• [WHAT THE TASK ASKS]:
Transcribe the following entries word for word. End with the line where "obtain w wa" appears.
--------------------------------------------------
lemma restrict_partner_block_sibling:
  assumes t: "t \<in> Ts" and sp: "insertion t (Suc i) A a b" and s: "restrict (pfx i) b = Some s"
  shows "\<exists>z. restrict X0 b = Some z \<and> oidx \<sigma> z = ol t0 (Suc i)"
proof -
  have bt: "b \<in> subtrees t" using insertion_subtrees sp by blast
  have db: "distinct (leaves b)" using bt Ts_leaves t distinct_leaves_subtree by blast
  have X0b: "cl b \<inter> X0 \<subseteq> cl b \<inter> pfx i"
    using block_inv_subset[OF inv X0(1)] rho_notin_subtree[OF t bt] by blast
  have ola: "ol t0 (Suc i) = oidx \<sigma> s" "l (partner (Suc i)) \<in> cl b \<inter> pfx i"
    using partner_in_insertion_sibling[OF k nm t sp s] by simp_all
  show ?thesis
  proof (cases "oidx \<sigma> s \<ge> 0")
    case True
    have "cl b \<inter> pfx i = {l (nat (oidx \<sigma> s))}" using insertion_sibling_leaf[OF t _ k sp] s True by simp
    then have "cl b \<inter> X0 = {l (nat (oidx \<sigma> s))}"
      using X0b ola(2) X0(2) partner_in_insertion_sibling(1)[OF k nm t sp s] True by auto
    moreover have "oidx \<sigma> (Leaf (l (nat (oidx \<sigma> s)))) = oidx \<sigma> s"
      using partner_in_insertion_sibling(1,4)[OF k nm t sp s] l_in_sigma_l k True by simp
    ultimately show ?thesis using restrict_single[OF db \<open>cl b \<inter> X0 = _\<close>] ola(1) by auto
  next
    case False
    define q where "q = nat (- oidx \<sigma> s)"
    obtain w wa wb where W: "w \<in> subtrees b" "w = Node wa wb \<or> w = Node wb wa" "cl b \<inter> pfx i \<subseteq> cl w"
      "l q \<in> cl wa \<inter> X0" "\<forall>y\<in>cl wa \<inter> pfx i. q \<le> \<sigma> y" "l (partner q) \<in> cl wb \<inter> X0" "\<sigma> (l (partner q)) < q"
      using partner_block_cherry[OF t sp s] False unfolding q_def by (metis not_le)
    have wt: "w \<in> subtrees t" using W(1) bt subtrees_trans by blast
    have "cl wa \<inter> X0 \<noteq> {}" "cl wb \<inter> X0 \<noteq> {}" using W(4,6) by blast+
    then obtain ua ub where u: "restrict X0 wa = Some ua" "restrict X0 wb = Some ub"
      using restrict_None[of X0 wa] restrict_None[of X0 wb] by fastforce
    have cl_u: "cl ua = cl wa \<inter> X0" "cl ub = cl wb \<inter> X0" using restrict_cl u by blast+
    have "\<rho> \<notin> cl wa" using rho_notin_subtree[OF t wt] W(2) by auto
    then have "cl ua \<subseteq> cl wa \<inter> pfx i" using cl_u(1) block_inv_subset[OF inv X0(1)] by blast
    have "q < n"
      using partner_in_insertion_sibling(1,4)[OF k nm t sp s] False k unfolding q_def by simp
    then have "mu \<sigma> ua \<le> q" using mu_le[of "l q" ua \<sigma>] W(4) cl_u(1) l_in_sigma_l[of q] by simp
    moreover have "q \<le> mu \<sigma> ua"
    proof -
      obtain y where y: "y \<in> cl ua" "\<sigma> y = mu \<sigma> ua" using mu_in[of \<sigma> ua] by (metis imageE)
      then have "y \<in> cl wa \<inter> pfx i" using \<open>cl ua \<subseteq> cl wa \<inter> pfx i\<close> by blast
      with W(5) have "q \<le> \<sigma> y" by (rule bspec)
      then show ?thesis using y(2) by simp
    qed
    ultimately have "mu \<sigma> ua = q" by simp
    moreover have "mu \<sigma> ub < q" using mu_le[of "l (partner q)" ub \<sigma>] cl_u(2) W(6,7) by auto
    ultimately have "oidx \<sigma> (Node ua ub) = oidx \<sigma> s" "oidx \<sigma> (Node ub ua) = oidx \<sigma> s"
      using False unfolding q_def by auto
    moreover have "restrict X0 b = restrict X0 w"
      using restrict_eq_subtree[OF db W(1)] W(3) X0b by blast
    ultimately show ?thesis using W(2) u ola(1) by auto
  qed
qed
(* Let $\beta>0$. For any positive integers $k,m$ there exists $M_{k,m}\in\mathbb{R}$ such that for all positive integers $i_1,\dots,i_k$, \[ \mathbb{E}\left[\frac{\Delta(H_{mi_1})}{(mi_1)^{1/(2+\beta)}}\cdots\frac{\Delta(H_{mi_k})}{(mi_k)^{1/(2+\beta)}}\right]\le M_{k,m}, \] where $\Delta(G)$ denotes the maximum degree of $G$.
   Context: Fix a real $\beta>0$ and a positive integer $m$. The random tree process $(G^n_{1,\beta})_{n\ge1}$ is defined as follows. $G^1_{1,\beta}$ consists of a single vertex $v_1$ and no edges. Given $G^n_{1,\beta}$ with vertices $v_1,\dots,v_n$ and directed edges $e_2,\dots,e_n$ (where $e_i$ is the edge whose tail is $v_i$), $G^{n+1}_{1,\beta}$ is obtained by adding a vertex $v_{n+1}$ and a directed edge $e_{n+1}$ with tail $v_{n+1}$ and head a "target vertex" determined by a random variable $f_{n+1}$, independent of $f_2,\dots,f_n$, taking values in $\Omega_{n+1}=\{(i,v):1\le i\le n\}\cup\{(i,h),(i,t):2\le i\le n\}$ with $\Pr(f_{n+1}=(i,v))=\beta/((2+\beta)n-2)$ and $\Pr(f_{n+1}=(i,h))=\Pr(f_{n+1}=(i,t))=1/((2+\beta)n-2)$. If $f_{n+1}=(i,v)$ the target is $v_i$ (chosen "uniformly"); if $f_{n+1}=(i,h)$ the target is the head of $e_i$, and if $f_{n+1}=(i,t)$ the target is the tail $v_i$ of $e_i$ (chosen "preferentially", by copying the head half-edge, resp. tail half-edge, of $e_i$). Consequently the target is $v_i$ with probability $(d_n(v_i)+\beta)/((2+\beta)n-2)$, where $d_n(v)$ is the degree of $v$ in $G^n_{1,\beta}$. Each edge is regarded as two half-edges, one at each endpoint; the degree of a vertex is the number of half-edges at it (loops count twice). For $t\ge1$, $H_t$ is the undirected multigraph formed from $G^t_{1,\beta}$ by identifying, for each $j<\lceil t/m\rceil$, the vertices $v_{(j-1)m+1},\dots,v_{jm}$ into one vertex $w_j$, and identifying the remaining vertices into one vertex $w_{\lceil t/m\rceil}$ (all edges kept). Known input (M\'ori): for any positive integer $k$ there exists $\tilde M_k$ such that for all $n$, $\mathbb{E}\big[\big((\Delta(G^n_{1,\beta})+\beta)/n^{1/(2+\beta)}\big)^k\big]\le\tilde M_k$. *)

theory Defs
  imports "HOL-Probability.Probability"
begin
--------------------------------------------------
• [EXERCISE RESULT]:
lemma restrict_partner_block_sibling:
  assumes t: "t \<in> Ts" and sp: "insertion t (Suc i) A a b" and s: "restrict (pfx i) b = Some s"
  shows "\<exists>z. restrict X0 b = Some z \<and> oidx \<sigma> z = ol t0 (Suc i)"
proof -
  have bt: "b \<in> subtrees t" using insertion_subtrees sp by blast
  have db: "distinct (leaves b)" using bt Ts_leaves t distinct_leaves_subtree by blast
  have X0b: "cl b \<inter> X0 \<subseteq> cl b \<inter> pfx i"
    using block_inv_subset[OF inv X0(1)] rho_notin_subtree[OF t bt] by blast
  have ola: "ol t0 (Suc i) = oidx \<sigma> s" "l (partner (Suc i)) \<in> cl b \<inter> pfx i"
    using partner_in_insertion_sibling[OF k nm t sp s] by simp_all
  show ?thesis
  proof (cases "oidx \<sigma> s \<ge> 0")
    case True
    have "cl b \<inter> pfx i = {l (nat (oidx \<sigma> s))}" using insertion_sibling_leaf[OF t _ k sp] s True by simp
    then have "cl b \<inter> X0 = {l (nat (oidx \<sigma> s))}"
      using X0b ola(2) X0(2) partner_in_insertion_sibling(1)[OF k nm t sp s] True by auto
    moreover have "oidx \<sigma> (Leaf (l (nat (oidx \<sigma> s)))) = oidx \<sigma> s"
      using partner_in_insertion_sibling(1,4)[OF k nm t sp s] l_in_sigma_l k True by simp
    ultimately show ?thesis using restrict_single[OF db \<open>cl b \<inter> X0 = _\<close>] ola(1) by auto
  next
    case False
    define q where "q = nat (- oidx \<sigma> s)"
    obtain w wa wb where W: "w \<in> subtrees b" "w = Node wa wb \<or> w = Node wb wa" "cl b \<inter> pfx i \<subseteq> cl w"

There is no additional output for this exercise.